The Loyal Lusitanian Legion (LLL) was a foreign volunteer corps of the British Army, organized with Portuguese émigrés in England, that fought in the Peninsular War. The LLL was created by the initiative of Portuguese Army Colonels José Maria Moura and Carlos Frederico Lecor – exiled in England after the occupation of Portugal by the Napoleonic Army – and the Portuguese Ambassador in London Chevalier de Sousa, with the support of the British government.

The LLL received the title "Loyal" to distinguish itself from the much larger Portuguese Legion, mobilized at the same time with the best units and officers of the disbanded Portuguese Army by direct order of Napoleon and which would fight for him in the several European campaigns.

The LLL included not only Portuguese, but also British (including its commanding officer, Colonel Robert Wilson) and Germans.

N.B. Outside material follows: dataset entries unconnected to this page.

lemma weak_le_R_exists_cover:
  assumes y: "y permutes {..<n}" and u: "u permutes {..<n}"
    and "weak_le_R n y u" and "y \<noteq> u"
  obtains i where "Suc i < n" "(i, Suc i) \<notin> inversions n y"
    "weak_le_R n (y \<circ> simple_refl i) u"
    "perm_length n (y \<circ> simple_refl i) = perm_length n y + 1"
    "perm_length n (inv (y \<circ> simple_refl i) \<circ> u) + 1 = perm_length n (inv y \<circ> u)"
proof -
  define z where "z = inv y \<circ> u"
  have z: "z permutes {..<n}"
    unfolding z_def using permutes_compose[OF u permutes_inv[OF y]] .
  have u_eq: "u = y \<circ> z"
    unfolding z_def using permutes_inv_o(1)[OF y] by (simp add: o_assoc)
  then have "z \<noteq> id"
    using \<open>y \<noteq> u\<close> by auto
  then obtain i where i: "Suc i < n"
    and desc: "perm_length n (simple_refl i \<circ> z) + 1 = perm_length n z"
    using exists_left_descent[OF z] by blast
  let ?s = "simple_refl i"
  have s: "?s permutes {..<n}"
    using simple_refl_permutes[OF i] .
  have u_eq': "u = (y \<circ> ?s) \<circ> (?s \<circ> z)"
    using u_eq by (simp add: fun_eq_iff)
  have "perm_length n u \<le> perm_length n (y \<circ> ?s) + perm_length n (?s \<circ> z)"
    unfolding u_eq' by (rule perm_length_comp_le[OF permutes_compose[OF s y] permutes_compose[OF z s]])
  moreover have "perm_length n u = perm_length n y + perm_length n z"
    using \<open>weak_le_R n y u\<close> weak_le_R_iff[OF y u] z_def by simp
  moreover have "perm_length n (y \<circ> ?s) \<le> perm_length n y + 1"
    using perm_length_comp_simple_refl[OF y i] by (cases "(i, Suc i) \<in> inversions n y") simp_all
  ultimately have len_ys: "perm_length n (y \<circ> ?s) = perm_length n y + 1"
    and len_u: "perm_length n u = perm_length n (y \<circ> ?s) + perm_length n (?s \<circ> z)"
    using desc by linarith+
  have "(i, Suc i) \<notin> inversions n y"
    using len_ys perm_length_comp_simple_refl[OF y i] by (auto split: if_splits)
  moreover have "weak_le_R n (y \<circ> ?s) u"
    unfolding weak_le_R_def Sym_def using permutes_compose[OF z s] u_eq' len_u by blast
  moreover have "inv (y \<circ> ?s) \<circ> u = ?s \<circ> z"
    using o_inv_distrib[OF permutes_bij[OF y] bij_transpose] by (simp add: z_def o_assoc)
  ultimately show ?thesis
    using that i len_ys desc z_def by simp
qed

lemma length_additive_of_weak_le_R:
  assumes x: "x permutes {..<n}" and v: "v permutes {..<n}"
    and "weak_le_R n v u" and "perm_length n (x \<circ> u) = perm_length n x + perm_length n u"
  shows "perm_length n (x \<circ> v) = perm_length n x + perm_length n v"
proof -
  obtain c where c: "c permutes {..<n}" and "u = v \<circ> c"
    and "perm_length n u = perm_length n v + perm_length n c"
    using assms(3) by (auto simp: weak_le_R_def Sym_def)
  moreover have "perm_length n (x \<circ> u) \<le> perm_length n (x \<circ> v) + perm_length n c"
    using perm_length_comp_le[OF permutes_compose[OF v x] c] \<open>u = v \<circ> c\<close> by (simp add: o_assoc)
  ultimately show ?thesis
    using perm_length_comp_le[OF x v] assms(4) by linarith
qed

The Legion was organized in Plymouth, in July 1808 and landed in Oporto, Portugal in September of the same year. Between 1808 and 1811, as part of the Anglo-Portuguese Army, the LLL fought against the Napoleonic Imperial Armies in the Peninsular War. It was present at the battles of Busaco (Portugal, 27.9.1810; ca 2,000 men; commander: Baron Eben, German,* 1773; source: O. Pusch, 1986) and Talavera de la Reina, but was especially used to conduct raids and other irregular operations in the rear of the French Army, as part of Portuguese and Spanish militia forces.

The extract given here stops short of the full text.